(specially concurring).
I concur with the majority opinion, and consider it correct under present New Mexico law, but in view of the result, add the following comments:
State v. Tanton, 88 N.M. 333, 540 P.2d 813 (1975), discusses the various tests that can be applied in the determination of double jeopardy, and include “collateral estoppel,” “necessarily included offenses,” “same offense” or “same evidence,” and “same transaction” tests. However, Justice Sosa, in a concurring opinion, recommends the adoption of an exception to the “necessarily included offense” rule: “If the court does not have jurisdiction to try the crime, double jeopardy cannot attach. Double jeopardy requires that a court have sufficient jurisdiction to try the charge.” 88 N.M. 333 at 337, 540 P.2d 813 at 817. I agree with this approach to the jeopardy question and do not consider Waller v. Florida, 397 U.S. 387, 90 S.Ct. 1184, 25 L.Ed.2d 435 (1970) reh. denied 398 U.S. 914, 90 S.Ct. 1684, 26 L.Ed.2d 79 (1970), to bar application of this test.
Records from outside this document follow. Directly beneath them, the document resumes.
(* Fix $m\ge1$, integers $t,s\ge0$, and $N\ge0$; set $n:=|\xi|-2N$ and assume $n\ge0$. (a) Let $\xi=(m^t,1^s)$ and write $s-2N=qm+\rho$ with $q\in\mathbb Z$, $0\le\rho<m$. Then $V^{\xi\to m}_{tm+s-2N}(1)=[x^N]\,p_{m-\rho-1}(x)/p_m(x)^{q+1}$. If $q<0$ this equals $0$. If $q\ge0$ it equals the number of tuples $(P_0,\dots,P_q)$ with $P_0\in\mathcal D_m(0,m-\rho-1;u_0)$, $P_\nu\in\mathcal D_m(0,0;u_\nu)$ ($1\le\nu\le q$), and $u_0+\cdots+u_q=N$. (b) Let $\xi=(m^t,r,1^s)$ with $1\le r\le m-1$, and write $r+s-2N=qm+\rho$, $q\in\mathbb Z$, $0\le\rho<m$. Then $V^{\xi\to m}_{tm+r+s-2N}(1)=[x^N]\,p_r(x)p_{m-\rho-1}(x)/p_m(x)^{q+1}$. If $q<0$ this equals $0$. If $q=0$ and $2N\le s$, it equals $D_m(r,m-r-s+2N-1;N)$. If $q\ge1$, it equals the number of tuples $(P_0,\dots,P_q)$ with $P_0\in\mathcal D_m(0,m-\rho-1;u_0)$, $P_1\in\mathcal D_m(r,0;u_1)$, $P_\nu\in\mathcal D_m(0,0;u_\nu)$ ($2\le\nu\le q$), and $u_0+\cdots+u_q=N$. (c) Let $\xi=(m^t,r_1,\dots,r_d,1^s)$ with $1\le r_i\le m-1$, and write $r_1+\cdots+r_d+s-2N=qm+\rho$, $q\in\mathbb Z$, $0\le\rho<m$. Then $V^{\xi\to m}_{tm+r_1+\cdots+r_d+s-2N}(1)=[x^N]\,p_{m-\rho-1}(x)\prod_{i=1}^dp_{r_i}(x)/p_m(x)^{q+1}$. If $q<0$ this equals $0$. If $q\ge d$, it equals the number of tuples $(P_0,\dots,P_q)$ with $P_0\in\mathcal D_m(0,m-\rho-1;u_0)$, $P_i\in\mathcal D_m(r_i,0;u_i)$ ($1\le i\le d$), $P_\nu\in\mathcal D_m(0,0;u_\nu)$ ($d+1\le\nu\le q$), and $u_0+\cdots+u_q=N$.
   Context: $p_0=p_1=1$, $p_{r+1}(x)=p_r(x)-xp_{r-1}(x)$ ($r\ge1$); $p_\xi=\prod_ip_{\xi_i}$; $|\xi|$ is the sum of parts; $m^t$ denotes $t$ parts equal to $m$, with parts arranged in nonincreasing order. For a power series $f=\sum c_rx^r$, $[x^j]f=c_j$ if $j\ge0$ and $0$ otherwise; negative powers $p_m^{-(q+1)}$ with $q+1\le 0$ mean the polynomial $p_m^{|q+1|}$. Numerical Demazure multiplicities: for a partition $\xi$ with parts $\le m$ and $n\ge0$, $V^{\xi\to m}_n(1)$ is the number of level-$m$ Demazure modules $D(m,n)$ (over all grade shifts) in a Demazure flag of the $\mathfrak{sl}_2[t]$ fusion product $V(\xi)$; take as given the known formula: writing $n=n_1m+n_0$ with $0\le n_0<m$, $V^{\xi\to m}_n(1)=[x^{(|\xi|-n)/2}]\,p_{m-n_0-1}(x)p_\xi(x)/p_m(x)^{n_1+1}$ (zero if $(|\xi|-n)/2$ is not a nonnegative integer). Dyck paths: lattice paths from $(0,0)$ with steps $(1,1)$ (up) and $(1,-1)$ (down), ending on and never going below the $x$-axis; semilength = half the number of steps; height = maximal $y$-coordinate. For $0\le a,b\le m-1$ with $a+b\le m-1$ and $u\ge0$, $\mathcal D_m(a,b;u)$ is the set of Dyck paths of height $\le m-1$ and semilength $m-1-b+u$ whose first $a$ steps are up-steps and last $m-1-b$ steps are down-steps; $D_m(a,b;u)=\#\mathcal D_m(a,b;u)$. *)

theory Defs
  imports "HOL-Computational_Algebra.Computational_Algebra"
begin

fun pp :: "nat \<Rightarrow> rat poly" where
  "pp 0 = 1"
| "pp (Suc 0) = 1"
| "pp (Suc (Suc r)) = pp (Suc r) - [:0, 1:] * pp r"

definition Pf :: "nat \<Rightarrow> rat fps" where
  "Pf r = fps_of_poly (pp r)"

definition Pxi :: "nat list \<Rightarrow> rat fps" where
  "Pxi xi = prod_list (map Pf xi)"

definition Pminv :: "nat \<Rightarrow> int \<Rightarrow> rat fps" where
  "Pminv m q = (if q + 1 \<ge> 0 then inverse (Pf m) ^ nat (q + 1)
               else Pf m ^ nat (- (q + 1)))"

text \<open>Numerical Demazure multiplicity V^{xi -> m}_n(1), via the given formula.\<close>
definition V :: "nat list \<Rightarrow> nat \<Rightarrow> nat \<Rightarrow> rat" where
  "V xi m n = (let n0 = n mod m; n1 = n div m; w = sum_list xi in
     if n \<le> w \<and> even (w - n)
     then fps_nth (Pf (m - n0 - 1) * Pxi xi * inverse (Pf m) ^ (n1 + 1)) ((w - n) div 2)
     else 0)"

text \<open>Lattice paths as lists of steps: True = up-step (1,1), False = down-step (1,-1).\<close>
definition level :: "bool list \<Rightarrow> int" where
  "level xs = sum_list (map (\<lambda>b. if b then 1 else -1) xs)"

definition is_dyck :: "bool list \<Rightarrow> bool" where
  "is_dyck xs \<longleftrightarrow> (\<forall>k \<le> length xs. level (take k xs) \<ge> 0) \<and> level xs = 0"

definition height :: "bool list \<Rightarrow> int" where
  "height xs = Max {level (take k xs) | k. k \<le> length xs}"

definition Dset :: "nat \<Rightarrow> nat \<Rightarrow> nat \<Rightarrow> nat \<Rightarrow> bool list set" where
  "Dset m a b u = {P. is_dyck P \<and> height P \<le> int m - 1
       \<and> length P = 2 * (m - 1 - b + u)
       \<and> take a P = replicate a True
       \<and> drop (length P - (m - 1 - b)) P = replicate (m - 1 - b) False}"

definition Dnum :: "nat \<Rightarrow> nat \<Rightarrow> nat \<Rightarrow> nat \<Rightarrow> nat" where
  "Dnum m a b u = card (Dset m a b u)"

definition tuples :: "nat \<Rightarrow> (nat \<times> nat) list \<Rightarrow> nat \<Rightarrow> bool list list set" where
  "tuples m ab N = {Ps. length Ps = length ab \<and>
      (\<exists>us. length us = length ab \<and> sum_list us = N \<and>
         (\<forall>i < length ab. Ps ! i \<in> Dset m (fst (ab ! i)) (snd (ab ! i)) (us ! i)))}"

end

theory Submission
  imports Defs
begin

(* Transfer-matrix counting. The generating function, by number of down-steps, of walks from
  height i to height c that stay in the strip [0, h] is p_i p_(h-c) / p_(h+1) for i <= c and
  x^(i-c) p_c p_(h-i) / p_(h+1) for i > c: both sides satisfy the same first-step recursion,
  which for the right-hand side reduces to the three-term recurrence and the addition formula
  p_(a+b+2) = p_(a+1) p_(b+1) - x p_a p_b. A path in D_m(a,b;u) is a forced run of a up-steps,
  a walk from a to m-1-b in the strip [0, m-1] with u down-steps, and a forced run of m-1-b
  down-steps, so sum_u D_m(a,b;u) x^u = p_a p_b / p_m. Counting tuples multiplies these series,
  giving p_(m-rho-1) prod_i p_(r_i) / p_m^(q+1), and the formula for V reduces to the same
  coefficient once p_m^t is cancelled against the parts equal to m. For q < 0 that product is a
  polynomial of degree less than N. *)

section \<open>The polynomials p_r\<close>

lemma Pf_0 [simp]: "Pf 0 = 1"
  by (simp add: Pf_def)

lemma Pf_1 [simp]: "Pf (Suc 0) = 1"
  by (simp add: Pf_def)

lemma Pf_Suc_Suc: "Pf (Suc (Suc r)) = Pf (Suc r) - fps_X * Pf r"
  by (simp add: Pf_def fps_of_poly_diff fps_of_poly_mult)

lemma fps_nth_Pf_0 [simp]: "Pf r $ 0 = 1"
  by (induction r rule: pp.induct) (simp_all add: Pf_Suc_Suc)

lemma Pf_eq_Pf_Suc_add: "Pf i = Pf (Suc i) + (if 0 < i then fps_X * Pf (i - 1) else 0)"
  by (cases i) (simp_all add: Pf_Suc_Suc)

lemma Pf_add: "Pf (a + b + 2) = Pf (a + 1) * Pf (b + 1) - fps_X * Pf a * Pf b"
proof (induction b rule: pp.induct)
  case 1
  show ?case using Pf_Suc_Suc[of a] by simp
next
  case 2
  have p2: "Pf (Suc 0 + 1) = 1 - fps_X"
    using Pf_Suc_Suc[of 0] by simp
  have p3: "Pf (a + Suc 0 + 2) = Pf (a + 1) - fps_X * Pf a - fps_X * Pf (a + 1)"
    using Pf_Suc_Suc[of "Suc a"] Pf_Suc_Suc[of a] by simp
  show ?case unfolding p2 p3 by (simp add: algebra_simps)
next
  case (3 r)
  have "Pf (a + Suc (Suc r) + 2) = Pf (a + Suc r + 2) - fps_X * Pf (a + r + 2)"
    using Pf_Suc_Suc[of "a + r + 2"] by simp
  moreover have "Pf (Suc (Suc r) + 1) = Pf (Suc r + 1) - fps_X * Pf (r + 1)"
    using Pf_Suc_Suc[of "Suc r"] by simp
  moreover have "Pf (Suc (Suc r)) = Pf (Suc r) - fps_X * Pf r"
    by (rule Pf_Suc_Suc)
  ultimately show ?case
    unfolding 3 by (simp only:) (simp add: algebra_simps)
qed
In Waller, the issue was whether the municipality and State could charge the same person with the identical crime on a theory of separate sovereigns. The opinion is premised on the assumption that the felony charge was based on the same acts which were the violation of the city ordinance and on the assumption that the ordinance violations were included offenses of the felony charge. Such an analysis supports the decision herein, but fails to address the jurisdiction issue. While some courts have held that Waller precludes discussion of the jurisdictional issue, see State v. Trivisonno, 112 R.I. 1, 307 A.2d 539 (R.I. 1973); Benard v. State, 481 S.W.2d 427 (Tex.Cr.App.1972); others have considered the issue to be separate from that of “necessarily included offenses.” See, e. g., People v. Williams, 61 Mich.App. 642, 233 N.W.2d 122 (1975); State v. Arnold, 115 Ariz. 421, 565 P.2d 1282 (1977); People v. Mendoza, 190 Colo. 519, 549 P.2d 766 (1976); People v. Pinyan, 190 Colo. 304, 546 P.2d 488 (1976); Commonwealth v. Lovett, - Mass.-, 372 N.E.2d 782 (1978); and State v. Ramirez, 83 Wis.2d 150, 265 N.W.2d 274 (1978).
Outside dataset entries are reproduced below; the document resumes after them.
lemma powser_nonneg_coeffs_abs_le:
  fixes a :: "nat \<Rightarrow> real"
  assumes a_nonneg: "\<And>n. 0 \<le> a n" and summable_R: "summable (\<lambda>n. a n * R ^ n)" and "\<bar>x\<bar> \<le> R"
  shows "summable (\<lambda>n. a n * x ^ n)" and "\<bar>\<Sum>n. a n * x ^ n\<bar> \<le> (\<Sum>n. a n * R ^ n)"
proof -
  have term_le: "norm (a n * x ^ n) \<le> a n * R ^ n" for n
    using a_nonneg[of n] \<open>\<bar>x\<bar> \<le> R\<close> by (simp add: abs_mult power_abs mult_left_mono power_mono)
  show "summable (\<lambda>n. a n * x ^ n)"
    by (rule summable_comparison_test[OF _ summable_R]) (use term_le in blast)
  show "\<bar>\<Sum>n. a n * x ^ n\<bar> \<le> (\<Sum>n. a n * R ^ n)"
    using norm_suminf_le[OF term_le summable_R] by simp
qed

lemma powser_nonneg_coeffs_bounded_near_unit_interval:
  fixes a :: "nat \<Rightarrow> real"
  assumes a_nonneg: "\<And>n. 0 \<le> a n" and "summable a"
  shows "\<exists>\<delta>>0. \<exists>M. \<forall>x. \<bar>x\<bar> \<le> 1 + \<delta> \<longrightarrow> \<bar>\<Sum>n. a n * x ^ n\<bar> \<le> M"
proof (cases "\<exists>R>1. summable (\<lambda>n. a n * R ^ n)")
  case True
  then obtain R where "R > 1" "summable (\<lambda>n. a n * R ^ n)"
    by blast
  then show ?thesis
    using powser_nonneg_coeffs_abs_le(2)[OF a_nonneg]
    by (intro exI[of _ "R - 1"] conjI exI[of _ "\<Sum>n. a n * R ^ n"]) auto
next
  case False
  have summable_1: "summable (\<lambda>n. a n * 1 ^ n)"
    using \<open>summable a\<close> by simp
  \<comment> \<open>The series then diverges beyond 1, where its sum is the junk value \<open>THE s. False\<close>,
    the same for every \<open>x\<close>.\<close>
  have junk: "(\<Sum>n. a n * x ^ n) = (THE s. False)" if "\<bar>x\<bar> > 1" for x
  proof -
    have "\<not> summable (\<lambda>n. a n * x ^ n)"
    proof
      assume "summable (\<lambda>n. a n * x ^ n)"
      then have "summable (\<lambda>n. a n * ((1 + \<bar>x\<bar>) / 2) ^ n)"
        by (rule powser_inside) (use that in auto)
      moreover have "(1 + \<bar>x\<bar>) / 2 > 1"
        using that by simp
      ultimately show False
        using False by blast
    qed
    then have "(\<lambda>n. a n * x ^ n) sums s = False" for s
      unfolding summable_def by blast
    then show ?thesis
      unfolding suminf_def by presburger
  qed
  have "\<bar>\<Sum>n. a n * x ^ n\<bar> \<le> max (\<Sum>n. a n) \<bar>THE s. False\<bar>" for x :: real
    using junk[of x] powser_nonneg_coeffs_abs_le(2)[OF a_nonneg summable_1, of x]
    by (cases "\<bar>x\<bar> > 1") auto
  then show ?thesis
    by (intro exI[of _ 1]) auto
qed
lemma expectation_indep_list_insert:
  fixes \<Psi> :: "'a list \<Rightarrow> real"
  assumes fin: "\<And>p'. p' \<in> set (as @ p # bs) \<Longrightarrow> finite (set_pmf p')"
    and perm: "\<And>xs e ys. \<Psi> (xs @ e # ys) = \<Psi> (e # xs @ ys)"
  shows "measure_pmf.expectation (indep_list (as @ p # bs)) \<Psi>
       = measure_pmf.expectation (indep_list (as @ bs))
           (\<lambda>G. measure_pmf.expectation p (\<lambda>e. \<Psi> (e # G)))"
  using fin perm
proof (induction as arbitrary: \<Psi>)
  case Nil
  have "measure_pmf.expectation (indep_list (p # bs)) \<Psi>
      = measure_pmf.expectation p (\<lambda>z. measure_pmf.expectation (indep_list bs) (\<lambda>G. \<Psi> (z # G)))"
    by (rule expectation_indep_list_Cons) (use Nil.prems in auto)
  also have "\<dots> = measure_pmf.expectation (indep_list bs)
                    (\<lambda>G. measure_pmf.expectation p (\<lambda>z. \<Psi> (z # G)))"
    by (rule pmf_expectation_swap) (use Nil.prems in \<open>auto simp: finite_set_indep_list\<close>)
  finally show ?case by simp
next
  case (Cons q as)
  have swap: "\<Psi> (z # e # G) = \<Psi> (e # z # G)" for z e G
    using Cons.prems(2)[of "[z]"] by simp
  have perm_tail: "\<Psi> (z # xs @ e # ys) = \<Psi> (z # e # xs @ ys)" for z xs e ys
    using Cons.prems(2)[of "z # xs" e ys] Cons.prems(2)[of "[z]" e "xs @ ys"] by simp
  have "measure_pmf.expectation (indep_list ((q # as) @ p # bs)) \<Psi>
      = measure_pmf.expectation q
          (\<lambda>z. measure_pmf.expectation (indep_list (as @ p # bs)) (\<lambda>G. \<Psi> (z # G)))"
    unfolding append_Cons by (rule expectation_indep_list_Cons) (use Cons.prems(1) in auto)
  also have "\<dots> = measure_pmf.expectation q (\<lambda>z. measure_pmf.expectation (indep_list (as @ bs))
                     (\<lambda>G. measure_pmf.expectation p (\<lambda>e. \<Psi> (z # e # G))))"
    using Cons.IH[of "\<lambda>G. \<Psi> (_ # G)"] Cons.prems(1) perm_tail by simp
  also have "\<dots> = measure_pmf.expectation (indep_list ((q # as) @ bs))
                     (\<lambda>G. measure_pmf.expectation p (\<lambda>e. \<Psi> (e # G)))"
    unfolding append_Cons
    by (subst expectation_indep_list_Cons) (use Cons.prems(1) in \<open>auto simp: swap\<close>)
  finally show ?case .
qed
lemma FP_le:
  assumes \<xi>: "0 < \<xi>" and M: "2 \<le> M" "real M powr (1 - \<beta> * \<psi>) \<le> 1/2"
  shows "FP p \<beta> dec M \<xi> \<le> exp (- (real M * ln (real M) * \<xi> * (\<beta> * \<psi> - 1 - (1 / \<xi>) / real M)))"
proof -
  let ?q = "real M * sqrt bhat_partition ^ frag_len \<beta> M"
  define K where "K = nat \<lceil>\<xi> * real M\<rceil>"
  have q: "0 \<le> ?q" "?q \<le> real M powr (1 - \<beta> * \<psi>)"
    using M mult_sqrt_bhat_partition_power_le by auto
  have K_le: "K \<le> num_moved M \<sigma>"
    if "\<xi> \<le> Xi M L xs (rearr M L \<sigma> xs)" for \<sigma> L and xs :: "nat \<Rightarrow> 'x"
  proof -
    have "\<xi> * real M \<le> Xi M L xs (rearr M L \<sigma> xs) * real M"
      using that by (simp add: mult_right_mono)
    also have "\<dots> \<le> real (num_moved M \<sigma>)"
      using M by (intro Xi_rearr_le_num_moved) simp
    finally show ?thesis
      by (simp add: K_def)
  qed
  have "FP p \<beta> dec M \<xi> \<le> (\<Sum>k\<in>{K..M}. ?q ^ k)"
    using ml_decoder sqrt_bhat_partition_le_1 K_le by (intro FP_le_sum_powers) auto
  also have "\<dots> \<le> 2 * ?q ^ K"
    using q M by (intro sum_power_le_twice_first) auto
  also have "\<dots> \<le> 2 * (real M powr (1 - \<beta> * \<psi>)) ^ K"
    using q by (intro mult_left_mono power_mono) auto
  also have "\<dots> = 2 * real M powr ((1 - \<beta> * \<psi>) * real K)"
    using M by (simp add: powr_realpow[symmetric] powr_powr)
  also have "\<dots> \<le> real M * real M powr ((1 - \<beta> * \<psi>) * (\<xi> * real M))"
  proof (rule mult_mono)
    show "real M powr ((1 - \<beta> * \<psi>) * real K) \<le> real M powr ((1 - \<beta> * \<psi>) * (\<xi> * real M))"
      using M beta_psi_gt_1
      by (intro powr_mono mult_left_mono_neg) (auto simp: K_def real_nat_ceiling_ge)
  qed (use M in auto)
  also have "\<dots> = exp (ln (real M) + (1 - \<beta> * \<psi>) * (\<xi> * real M) * ln (real M))"
    using M by (simp add: powr_def exp_add)
  also have "ln (real M) + (1 - \<beta> * \<psi>) * (\<xi> * real M) * ln (real M)
      = - (real M * ln (real M) * \<xi> * (\<beta> * \<psi> - 1 - (1 / \<xi>) / real M))"
    using \<xi> M by (simp add: field_simps)
  finally show ?thesis .
qed

end

theorem theorem1:
  fixes p :: "'x::finite \<Rightarrow> 'y::finite \<Rightarrow> real"
    and \<beta> :: real
    and dec :: "nat \<Rightarrow> (nat \<Rightarrow> 'x) \<Rightarrow> (nat \<Rightarrow> 'y) \<Rightarrow> (nat \<Rightarrow> 'x)"
  assumes pmf: "is_joint_pmf p"
    and full_support: "\<forall>x. PX p x > 0"
    and beta_pos: "\<beta> > 0"
    and beta_large: "ereal \<beta> * psi2 p > 1"
    and ml_decoder: "\<forall>M xs ys. xs \<in> seqs (M * frag_len \<beta> M) \<and> ys \<in> seqs (M * frag_len \<beta> M) \<longrightarrow>
               is_ML p M (frag_len \<beta> M) xs ys (dec M xs ys)"
  shows "(\<exists>C M0. \<forall>M\<ge>M0.
            FP p \<beta> dec M 0 \<le> C * real M powr (2 * (1 - \<beta> * real_of_ereal (psi2 p))))
       \<and> (\<forall>\<xi>. 0 < \<xi> \<and> \<xi> < 1 \<longrightarrow> (\<exists>C M0. \<forall>M\<ge>M0.
            FP p \<beta> dec M \<xi> \<le>
              exp (- (real M * ln (real M) * \<xi> *
                      (\<beta> * real_of_ereal (psi2 p) - 1 - C / real M)))))"
proof -
  interpret ml_reconstruction p \<beta> dec
    using pmf full_support beta_pos beta_large ml_decoder by unfold_locales
  obtain M0 where M0: "\<And>M. M \<ge> M0 \<Longrightarrow> real M powr (1 - \<beta> * \<psi>) \<le> 1/2"
    using eventually_powr_le_half[of "1 - \<beta> * \<psi>"] beta_psi_gt_1
    by (auto simp: eventually_sequentially)
  have large: "2 \<le> M" "real M powr (1 - \<beta> * \<psi>) \<le> 1/2" if "M \<ge> max M0 2" for M
    using that M0 by auto
  have "\<forall>M \<ge> max M0 2. FP p \<beta> dec M 0 \<le> 2 * real M powr (2 * (1 - \<beta> * \<psi>))"
    using FP_zero_le large by blast
  moreover have "\<forall>M \<ge> max M0 2. FP p \<beta> dec M \<xi>
      \<le> exp (- (real M * ln (real M) * \<xi> * (\<beta> * \<psi> - 1 - (1 / \<xi>) / real M)))"
    if "0 < \<xi>" for \<xi>
    using FP_le[OF that] large by blast
  ultimately show ?thesis
    by blast
qed

end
Mr. Justice Brennan, concurring in Waller and Ashe v. Swenson, 397 U.S. 436, 90 S.Ct. 1189, 25 L.Ed.2d 469 (1970), decided the same day, refers to “exceptions to the ‘same transaction’ rule” in both opinions. See Waller v. Florida, 397 U.S. 387, at 396, 90 S.Ct. 1184, at 1189, 25 L.Ed.2d 435 and Ashe v. Swenson, 397 U.S. 436, at 453, n. 7, 90 S.Ct. 1189, at 1199, n. 7, 25 L.Ed.2d 469. He reads the Double Jeopardy Clause to require joinder in one trial of all charges arising from a single “criminal act, occurrence, episode, or transaction,” except in most limited circumstances. Relying on Diaz v. United States, 223 U.S. 442, 32 S.Ct. 250, 56 L.Ed. 500 (1912), he finds such a circumstance where a crime is not completed or not discovered before the commencement of a prosecution for other crimes arising from the “same transaction” and believes that here, a rule should be made to permit a separate prosecution. Further, he states “[ajnother exception would be necessary if no single court had jurisdiction of all the alleged crimes.” 397 U.S., at 453, n. 7, 90 S.Ct., at 1199, n. 7.
That exception should be available in the instant case where the district court did not have jurisdiction over the municipal charges and the municipal court did not have jurisdiction over the homicide charge. Reason and logic do not support any other rule. See State v. Tanton, supra; State v. Goodson, 54 N.M. 184, 217 P.2d 262 (1950).